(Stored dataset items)

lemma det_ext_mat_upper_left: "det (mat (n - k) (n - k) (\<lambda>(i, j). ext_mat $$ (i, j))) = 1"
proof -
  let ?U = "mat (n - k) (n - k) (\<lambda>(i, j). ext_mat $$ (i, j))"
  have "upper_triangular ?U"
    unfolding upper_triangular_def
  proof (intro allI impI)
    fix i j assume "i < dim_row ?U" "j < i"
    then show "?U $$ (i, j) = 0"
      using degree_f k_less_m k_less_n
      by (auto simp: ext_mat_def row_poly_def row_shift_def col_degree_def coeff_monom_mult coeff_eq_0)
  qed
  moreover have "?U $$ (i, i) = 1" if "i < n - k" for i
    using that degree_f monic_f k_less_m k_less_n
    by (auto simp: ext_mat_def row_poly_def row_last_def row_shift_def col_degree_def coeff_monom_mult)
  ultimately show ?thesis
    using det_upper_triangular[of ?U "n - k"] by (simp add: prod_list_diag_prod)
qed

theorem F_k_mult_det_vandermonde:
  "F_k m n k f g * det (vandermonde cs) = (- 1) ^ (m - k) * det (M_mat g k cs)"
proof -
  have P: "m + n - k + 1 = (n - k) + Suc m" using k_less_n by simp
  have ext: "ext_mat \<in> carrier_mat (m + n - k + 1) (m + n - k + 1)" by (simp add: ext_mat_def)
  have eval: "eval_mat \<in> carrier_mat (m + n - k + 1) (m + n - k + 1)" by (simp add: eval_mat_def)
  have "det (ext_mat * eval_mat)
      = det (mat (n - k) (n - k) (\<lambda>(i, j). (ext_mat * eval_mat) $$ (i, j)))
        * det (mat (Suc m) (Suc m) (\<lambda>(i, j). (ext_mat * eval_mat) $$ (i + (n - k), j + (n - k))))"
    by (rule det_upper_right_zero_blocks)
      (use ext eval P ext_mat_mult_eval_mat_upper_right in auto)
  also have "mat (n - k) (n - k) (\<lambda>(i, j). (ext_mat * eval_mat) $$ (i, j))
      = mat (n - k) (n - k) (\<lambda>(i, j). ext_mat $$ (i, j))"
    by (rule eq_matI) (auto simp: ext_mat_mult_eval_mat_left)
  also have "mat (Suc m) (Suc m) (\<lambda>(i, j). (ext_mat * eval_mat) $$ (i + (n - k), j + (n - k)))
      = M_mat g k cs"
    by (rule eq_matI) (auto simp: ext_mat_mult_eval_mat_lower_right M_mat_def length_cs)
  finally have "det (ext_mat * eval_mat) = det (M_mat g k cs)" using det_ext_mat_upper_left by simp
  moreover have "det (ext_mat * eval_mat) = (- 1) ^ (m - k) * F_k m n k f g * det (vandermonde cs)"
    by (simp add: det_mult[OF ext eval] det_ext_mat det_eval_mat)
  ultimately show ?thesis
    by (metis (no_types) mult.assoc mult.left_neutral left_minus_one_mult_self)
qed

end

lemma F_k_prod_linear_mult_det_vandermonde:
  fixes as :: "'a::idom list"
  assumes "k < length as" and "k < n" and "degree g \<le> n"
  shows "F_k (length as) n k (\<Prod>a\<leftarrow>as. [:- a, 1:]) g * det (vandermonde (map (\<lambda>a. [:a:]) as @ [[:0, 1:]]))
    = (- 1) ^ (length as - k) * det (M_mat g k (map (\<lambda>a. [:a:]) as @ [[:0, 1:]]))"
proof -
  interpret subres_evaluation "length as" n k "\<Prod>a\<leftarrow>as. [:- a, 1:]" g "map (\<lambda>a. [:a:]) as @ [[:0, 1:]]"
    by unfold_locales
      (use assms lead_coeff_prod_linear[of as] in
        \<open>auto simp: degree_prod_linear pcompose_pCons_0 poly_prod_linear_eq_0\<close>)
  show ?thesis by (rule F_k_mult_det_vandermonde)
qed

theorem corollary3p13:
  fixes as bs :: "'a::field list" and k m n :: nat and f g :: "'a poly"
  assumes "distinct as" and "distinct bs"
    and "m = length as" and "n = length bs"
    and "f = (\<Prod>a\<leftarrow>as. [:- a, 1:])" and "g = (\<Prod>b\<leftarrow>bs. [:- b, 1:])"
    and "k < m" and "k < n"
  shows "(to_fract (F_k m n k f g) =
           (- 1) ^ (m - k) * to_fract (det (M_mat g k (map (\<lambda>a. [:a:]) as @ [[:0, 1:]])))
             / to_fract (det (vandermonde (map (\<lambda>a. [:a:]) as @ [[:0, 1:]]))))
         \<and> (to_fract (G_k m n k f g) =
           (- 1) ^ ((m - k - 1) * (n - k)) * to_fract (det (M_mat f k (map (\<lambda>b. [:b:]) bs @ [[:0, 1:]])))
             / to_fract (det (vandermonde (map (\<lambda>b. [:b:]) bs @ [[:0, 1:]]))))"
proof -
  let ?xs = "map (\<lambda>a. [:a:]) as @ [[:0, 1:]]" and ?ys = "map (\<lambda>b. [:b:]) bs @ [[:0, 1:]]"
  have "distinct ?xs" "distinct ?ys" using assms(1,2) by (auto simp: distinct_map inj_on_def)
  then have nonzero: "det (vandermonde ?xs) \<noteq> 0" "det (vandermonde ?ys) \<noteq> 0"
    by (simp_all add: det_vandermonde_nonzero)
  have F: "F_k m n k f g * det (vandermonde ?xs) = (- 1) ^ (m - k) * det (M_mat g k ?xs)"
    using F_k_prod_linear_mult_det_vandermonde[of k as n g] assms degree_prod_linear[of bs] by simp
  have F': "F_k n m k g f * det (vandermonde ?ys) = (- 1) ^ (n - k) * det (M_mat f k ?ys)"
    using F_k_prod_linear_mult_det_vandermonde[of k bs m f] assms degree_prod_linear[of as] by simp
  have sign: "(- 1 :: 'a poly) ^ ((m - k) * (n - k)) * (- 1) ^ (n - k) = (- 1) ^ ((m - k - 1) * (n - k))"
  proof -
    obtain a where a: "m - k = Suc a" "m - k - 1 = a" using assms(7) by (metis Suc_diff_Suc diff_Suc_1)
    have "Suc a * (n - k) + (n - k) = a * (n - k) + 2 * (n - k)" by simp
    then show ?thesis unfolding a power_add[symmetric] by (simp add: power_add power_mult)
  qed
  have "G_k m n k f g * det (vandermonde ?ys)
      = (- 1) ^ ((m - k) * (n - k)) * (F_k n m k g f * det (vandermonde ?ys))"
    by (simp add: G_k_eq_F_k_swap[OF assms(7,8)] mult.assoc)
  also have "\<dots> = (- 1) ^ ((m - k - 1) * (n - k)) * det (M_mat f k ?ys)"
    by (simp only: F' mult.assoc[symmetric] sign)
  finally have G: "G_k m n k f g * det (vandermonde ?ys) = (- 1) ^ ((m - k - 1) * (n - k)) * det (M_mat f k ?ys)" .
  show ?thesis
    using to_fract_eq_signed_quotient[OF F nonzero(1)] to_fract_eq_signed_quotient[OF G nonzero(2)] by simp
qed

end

==

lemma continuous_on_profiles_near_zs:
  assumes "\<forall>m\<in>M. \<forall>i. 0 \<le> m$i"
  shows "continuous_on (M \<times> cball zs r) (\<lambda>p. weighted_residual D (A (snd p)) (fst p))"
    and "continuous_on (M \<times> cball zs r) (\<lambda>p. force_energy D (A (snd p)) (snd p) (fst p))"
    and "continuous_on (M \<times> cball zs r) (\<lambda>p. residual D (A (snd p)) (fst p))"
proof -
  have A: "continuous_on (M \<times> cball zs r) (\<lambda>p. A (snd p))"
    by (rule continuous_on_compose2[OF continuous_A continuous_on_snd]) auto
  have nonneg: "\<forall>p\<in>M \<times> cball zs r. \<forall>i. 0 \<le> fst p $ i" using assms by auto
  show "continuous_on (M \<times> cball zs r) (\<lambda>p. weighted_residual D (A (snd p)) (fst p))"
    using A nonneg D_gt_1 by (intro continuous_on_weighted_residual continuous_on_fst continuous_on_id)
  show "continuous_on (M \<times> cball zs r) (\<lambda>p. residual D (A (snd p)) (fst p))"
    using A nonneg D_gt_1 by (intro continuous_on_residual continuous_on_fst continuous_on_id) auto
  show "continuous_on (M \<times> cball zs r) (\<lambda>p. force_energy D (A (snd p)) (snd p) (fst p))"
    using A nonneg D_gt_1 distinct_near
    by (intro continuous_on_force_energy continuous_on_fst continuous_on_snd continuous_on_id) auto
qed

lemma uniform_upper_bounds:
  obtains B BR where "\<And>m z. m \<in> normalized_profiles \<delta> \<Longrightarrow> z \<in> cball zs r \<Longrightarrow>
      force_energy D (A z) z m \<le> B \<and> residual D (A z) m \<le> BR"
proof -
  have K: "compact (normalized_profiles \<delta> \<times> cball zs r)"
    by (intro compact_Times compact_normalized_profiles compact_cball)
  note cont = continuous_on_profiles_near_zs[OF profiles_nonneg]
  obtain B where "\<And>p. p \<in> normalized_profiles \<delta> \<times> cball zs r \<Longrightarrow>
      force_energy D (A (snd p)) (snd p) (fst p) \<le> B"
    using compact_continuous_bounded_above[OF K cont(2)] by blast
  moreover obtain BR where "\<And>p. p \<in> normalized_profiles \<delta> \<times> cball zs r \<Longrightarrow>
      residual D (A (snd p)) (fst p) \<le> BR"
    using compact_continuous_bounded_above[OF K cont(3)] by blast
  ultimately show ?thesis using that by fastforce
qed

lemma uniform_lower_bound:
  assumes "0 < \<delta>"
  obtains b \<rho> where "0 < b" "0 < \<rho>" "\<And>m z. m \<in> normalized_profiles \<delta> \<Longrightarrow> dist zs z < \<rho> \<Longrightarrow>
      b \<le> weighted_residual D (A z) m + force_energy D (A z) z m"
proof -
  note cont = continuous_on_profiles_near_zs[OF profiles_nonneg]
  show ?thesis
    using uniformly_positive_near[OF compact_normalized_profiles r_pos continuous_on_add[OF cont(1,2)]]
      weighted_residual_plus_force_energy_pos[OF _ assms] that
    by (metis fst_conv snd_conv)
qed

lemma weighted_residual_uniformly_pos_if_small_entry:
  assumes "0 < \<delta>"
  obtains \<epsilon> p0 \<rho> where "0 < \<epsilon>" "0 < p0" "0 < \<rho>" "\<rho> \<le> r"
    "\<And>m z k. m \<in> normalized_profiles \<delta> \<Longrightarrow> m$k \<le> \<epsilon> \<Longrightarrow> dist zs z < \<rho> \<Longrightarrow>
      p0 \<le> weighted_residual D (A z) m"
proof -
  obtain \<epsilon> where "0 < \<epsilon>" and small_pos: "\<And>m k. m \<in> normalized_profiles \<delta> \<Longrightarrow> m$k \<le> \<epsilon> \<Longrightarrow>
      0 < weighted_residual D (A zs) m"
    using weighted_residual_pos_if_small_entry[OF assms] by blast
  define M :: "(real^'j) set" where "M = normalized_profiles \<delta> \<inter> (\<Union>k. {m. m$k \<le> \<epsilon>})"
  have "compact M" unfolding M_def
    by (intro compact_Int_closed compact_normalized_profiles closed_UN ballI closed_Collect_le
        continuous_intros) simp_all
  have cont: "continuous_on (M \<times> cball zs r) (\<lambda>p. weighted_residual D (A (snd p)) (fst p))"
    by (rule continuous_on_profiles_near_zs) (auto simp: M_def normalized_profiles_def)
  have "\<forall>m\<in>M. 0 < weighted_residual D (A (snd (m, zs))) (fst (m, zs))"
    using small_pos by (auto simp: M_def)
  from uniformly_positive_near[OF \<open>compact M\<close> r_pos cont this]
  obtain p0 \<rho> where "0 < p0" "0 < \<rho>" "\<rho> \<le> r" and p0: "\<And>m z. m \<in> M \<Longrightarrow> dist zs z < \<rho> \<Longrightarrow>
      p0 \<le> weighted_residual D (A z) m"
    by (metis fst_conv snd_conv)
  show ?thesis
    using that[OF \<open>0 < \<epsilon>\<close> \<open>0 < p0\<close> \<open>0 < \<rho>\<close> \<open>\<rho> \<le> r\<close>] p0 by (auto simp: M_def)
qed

_What to work on_
Search the data above for the string "that". Report every line where it is found.

_Problem solution_
    using that degree_f monic_f k_less_m k_less_n
  ultimately show ?thesis using that by fastforce
      weighted_residual_plus_force_energy_pos[OF _ assms] that
    using that[OF \<open>0 < \<epsilon>\<close> \<open>0 < p0\<close> \<open>0 < \<rho>\<close> \<open>\<rho> \<le> r\<close>] p0 by (auto simp: M_def)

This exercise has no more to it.